In my early teens, I thought I would look good as a blonde. Alone at home, I put Marchand’s Golden Hair Wash on my head and admired how great it looked with my Whittle Springs tan. My parents apparently missed the greatness of my new look and told me that I looked like those yellow baby chicks that Mayo’s on Market Square displayed every Easter. By nightfall, I was close to normal on my hair color. Another lesson learned.

So many things trigger Knoxville memories for me today. The fragrance of the Tennessee Valley Fair overtakes me sometimes when I smell outdoor deep fried cooking. Remember those church booth pinto beans and cornbread? Although I haven’t been to the fair in years, those memories come flooding back every year when I see it advertised. I can’t see a Friday night high school football game without remembering those Fulton football games against East or Rule at the Evans-Collins Field.

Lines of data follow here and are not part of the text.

lemma quadratic_sum_vanishes_iff:
  fixes K :: "real^4^'n::finite \<Rightarrow> real^4^'n \<Rightarrow> real"
  assumes bil: "bilinear K" and sym: "\<And>v w. K v w = K w v"
  shows "(\<forall>q. q \<notin> degset \<longrightarrow> (\<Sum>j\<in>UNIV. K (qmult_vec q (axis j 1)) (qmult_vec q (axis j 1))) = 0)
     \<longleftrightarrow> (\<forall>l m c. lmult_pairing c (block K l m) = 0)"
proof
  assume "\<forall>l m c. lmult_pairing c (block K l m) = 0"
  then show "\<forall>q. q \<notin> degset \<longrightarrow> (\<Sum>j\<in>UNIV. K (qmult_vec q (axis j 1)) (qmult_vec q (axis j 1))) = 0"
    by (simp add: quadratic_sum_eq_lmult_trace[OF bil] lmult_trace_eq)
next
  assume vanish: "\<forall>q. q \<notin> degset \<longrightarrow> (\<Sum>j\<in>UNIV. K (qmult_vec q (axis j 1)) (qmult_vec q (axis j 1))) = 0"
  have diagonal: "lmult_pairing c (block K l l) = 0" for l c
  proof (cases "c = 0")
    case True
    then show ?thesis
      using vanish single_not_in_degset[of l] quadratic_sum_single[OF bil, of l "axis 0 1"]
        lmult_trace_unit_one[of _ 1 0] by simp
  next
    case False
    then have "lmult_pairing c (block K l l) = - lmult_pairing c (block K l l)"
      using lmult_pairing_transpose[of c "block K l l"] block_swap[of K l l, OF sym] by simp
    then show ?thesis by simp
  qed
  have off_diagonal: "lmult_pairing c (block K l m) = 0" if "l \<noteq> m" for l m c
    using vanish pair_not_in_degset[OF that, of c] quadratic_sum_pair_unit[OF bil sym that diagonal, of c]
    by (cases "c = 0") simp_all
  show "\<forall>l m c. lmult_pairing c (block K l m) = 0"
    using diagonal off_diagonal by metis
qed

section \<open>The operators Z in terms of the vector fields X\<close>

definition zcoeff :: "bool \<Rightarrow> bool \<Rightarrow> 4 \<Rightarrow> complex" where
  "zcoeff r s a =
    (if r \<and> \<not> s then (if a = 0 then 1 else if a = 1 then \<i> else 0)
     else if r \<and> s then (if a = 2 then -1 else if a = 3 then - \<i> else 0)
     else if \<not> s then (if a = 2 then 1 else if a = 3 then - \<i> else 0)
     else (if a = 0 then 1 else if a = 1 then - \<i> else 0))"

lemma Zop_eq_sum_zcoeff: "Zop A s g p = (\<Sum>a\<in>UNIV. zcoeff (isl A) s a * Xop (case_sum id id A) a g p)"
  by (cases A; cases s) (simp_all add: Zop_def sum_4_0 zcoeff_def)

definition zform :: "bool \<Rightarrow> bool \<Rightarrow> (4 \<Rightarrow> 4 \<Rightarrow> real) \<Rightarrow> complex" where
  "zform r s B =
     (\<Sum>a\<in>UNIV. \<Sum>b\<in>UNIV. zcoeff r False a * zcoeff s True b * of_real (B a b))
   - (\<Sum>a\<in>UNIV. \<Sum>b\<in>UNIV. zcoeff s False a * zcoeff r True b * of_real (B b a))"

lemma zform_eq_lmult_pairing:
  "zform True False B = of_real (lmult_pairing 0 B) + \<i> * of_real (lmult_pairing 1 B)"
  "zform True True B = of_real (lmult_pairing 2 B) + \<i> * of_real (lmult_pairing 3 B)"
  "zform False True B = - of_real (lmult_pairing 0 B) + \<i> * of_real (lmult_pairing 1 B)"
  "zform False False B = of_real (lmult_pairing 2 B) - \<i> * of_real (lmult_pairing 3 B)"
  unfolding zform_def lmult_pairing_def sum_4_0 qmult_nth axis_nth_if zcoeff_def
  by (simp_all add: complex_eq_iff)

lemma zform_vanish_iff: "(\<forall>r s. zform r s B = 0) \<longleftrightarrow> (\<forall>c. lmult_pairing c B = 0)"
proof
  assume "\<forall>r s. zform r s B = 0"
  then have "zform True False B = 0" "zform True True B = 0" by auto
  then have "lmult_pairing 0 B = 0" "lmult_pairing 1 B = 0" "lmult_pairing 2 B = 0" "lmult_pairing 3 B = 0"
    by (simp_all add: zform_eq_lmult_pairing complex_eq_iff)
  then show "\<forall>c. lmult_pairing c B = 0"
    by (metis exhaust_4_0)
next
  assume "\<forall>c. lmult_pairing c B = 0"
  then show "\<forall>r s. zform r s B = 0"
    by (simp add: all_bool_eq zform_eq_lmult_pairing)
qed

text \<open>Cancellation of the first-order terms of \<open>sublap\<close>, which come from the commutators of the
  fields \<open>X\<close> (see \<open>sympl_ebasis\<close>).\<close>
lemma zcoeff_Jmat_cancel:
  "(\<Sum>a\<in>UNIV. \<Sum>b\<in>UNIV. zcoeff r False a * zcoeff s True b * of_real (Jmat$a$b))
   - (\<Sum>a\<in>UNIV. \<Sum>b\<in>UNIV. zcoeff s False a * zcoeff r True b * of_real (Jmat$a$b)) = 0"
  by (cases r; cases s) (simp_all add: sum_4_0 zcoeff_def Jmat_def)

lemma sum_sum_delta_antisym:
  fixes g :: "'a::finite \<Rightarrow> 'a \<Rightarrow> 'b::comm_ring_1"
  shows "(\<Sum>A\<in>UNIV. \<Sum>B\<in>UNIV. g A B * ((if A = C \<and> B = D then 1 else 0) - (if A = D \<and> B = C then 1 else 0)))
     = g C D - g D C"
proof -
  have nested: "(if A = C \<and> B = D then x else 0) = (if B = D then if A = C then x else 0 else 0)"
    for A B C D and x :: 'b
    by auto
  show ?thesis
    by (simp add: right_diff_distrib sum_subtractf if_distrib[where f = "\<lambda>x. g _ _ * x"] nested
        cong: if_cong)
qed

How about a fountain coke at Arlington Drugstore, or a trip to the Alcoa swimming pool? There is a certain bell tone that takes me back to the horse-drawn Kay’s Ice Cream cart.

These are just some of the highlights of my childhood. I never missed a Santa Claus Parade or a dip dog at Nan Denton’s. You are pure Knoxville if you remember the Market House and the smell of Turner’s fish stall inside or remember Cas Walker and Digger O’Dell. You’re getting pretty old if you shopped at Miller’s Department Store on Gay Street and Sears on North Central. My family did our shopping simply by driving down Gay Street and back home around Sears without ever getting out of the car or spending one dime.

Looking back on it all, Knoxville was a great place to grow up. It has never seemed “scruffy” to me. I called a business in town one day and the receptionist was apparently trying to decide whether to place me on hold and asked, “Are you local?” “Yes,” I replied. “The farthest north I’ve ever been is Morristown and the farthest south is Lenoir City. I joined the Air Force to see the world, and they stationed me at McGhee Tyson Airbase.” You can’t get more local than that.   

1 Comment
  1. Jim McDade says

    Bob, remember the days when you had the puppet, Rebob. And when we did the Pantomaniacs – You and me, and Rick Russell, And Mickey Balisarus? So glad to have found your column. I”ve subscribed and am looking forward to more. Hoping you and Norma are both well.
    I live in Florida now, but sometimes in Pennsylvania . That what we have to. do when we have long distance girlfriends who won’t move … and neither will I.